- WHAT IS EXPECTED: Draw out every line with the word "qint" from the listing below.

(GIVEN INFORMATION begins)

(* Let $q$ be an indeterminate (with square root $q^{1/2}$) and put $X_n=\frac{[n][n+1]}{q^n}$ for $n\geq 0$. For integers $k,m$ define the polynomials \begin{align*} c_{k,m}(q)&=h_{2m-k}(\{1,q^2\}^{k-m+1})+q\,h_{2m-k-1}(\{1,q^2\}^{k-m+1}),\\ g_{k,m}(q)&=h_{2m-k}(\{1\}^{k-m+1},\{q\}^{k-m})+h_{2m-k}(\{1\}^{k-m},\{q\}^{k-m+1}),\\ d_{k,m}(q)&=g_{k,m}(q^2)+q\,g_{k-1,m-1}(q^2). \end{align*} Then for all integers $m,l\geq1$, with all sums over integers $k\ge 0$ (only finitely many terms are nonzero): \begin{align*} X_l^{m+1}-X_{l-1}^{m+1}&=\sum_k h_{m-2k}(\{1,q\}^{k+1})\,[2l]\,[l]^{2(m-k)}q^{-l(m-k+1)},\\ \frac{1-q^{l+\frac12}}{(1-q^{\frac12})q^{\frac l2}}X_l^m-\frac{1-q^{l-\frac12}}{(1-q^{\frac12})q^{\frac{l-1}{2}}}X_{l-1}^m&=\sum_k c_{m,m-k}(q^{\frac12})\,[2l]\,[l]^{2(m-k)-1}q^{-l(m-k+\frac12)},\\ X_l^m+X_{l-1}^m&=\sum_k g_{m,m-k}(q)\,[l]^{2(m-k)}q^{-l(m-k)},\\ \frac{1-q^{l+\frac12}}{(1-q^{\frac12})q^{\frac l2}}X_l^{m-1}+\frac{1-q^{l-\frac12}}{(1-q^{\frac12})q^{\frac{l-1}{2}}}X_{l-1}^{m-1}&=\sum_k d_{m,m-k}(q^{\frac12})\,[l]^{2(m-k)-1}q^{-l(m-k-\frac12)}. \end{align*}
   Context: For an integer $k\ge0$, $[k]=\frac{1-q^k}{1-q}$. For integers $r,s\geq0$, $h_n(\{1\}^r,\{x\}^s)$ is defined by $\sum_{n\geq0}h_n(\{1\}^r,\{x\}^s)z^n=\frac{1}{(1-z)^r(1-xz)^s}$ (so $h_n=0$ for $n<0$), with the convention $h_n(\{1\}^r,\{x\}^s)=0$ if $r<0$ or $s<0$. One writes $h_n(\{1,x\}^r)$ for $h_n(\{1\}^r,\{x\}^r)$. The notation $c_{m,m-k}(q^{1/2})$ etc. means the polynomial $c_{m,m-k}$ evaluated at $q^{1/2}$. *)

theory Defs
  imports "HOL-Computational_Algebra.Formal_Power_Series"
begin

text \<open>Throughout, the variable s plays the role of q^(1/2), so q = s^2.\<close>

definition qint :: "'a::field \<Rightarrow> int \<Rightarrow> 'a" where
  "qint s k = (1 - (s^2) powi k) / (1 - s^2)"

(GIVEN INFORMATION ends)

- ANSWER SPACE:
definition qint :: "'a::field \<Rightarrow> int \<Rightarrow> 'a" where
  "qint s k = (1 - (s^2) powi k) / (1 - s^2)"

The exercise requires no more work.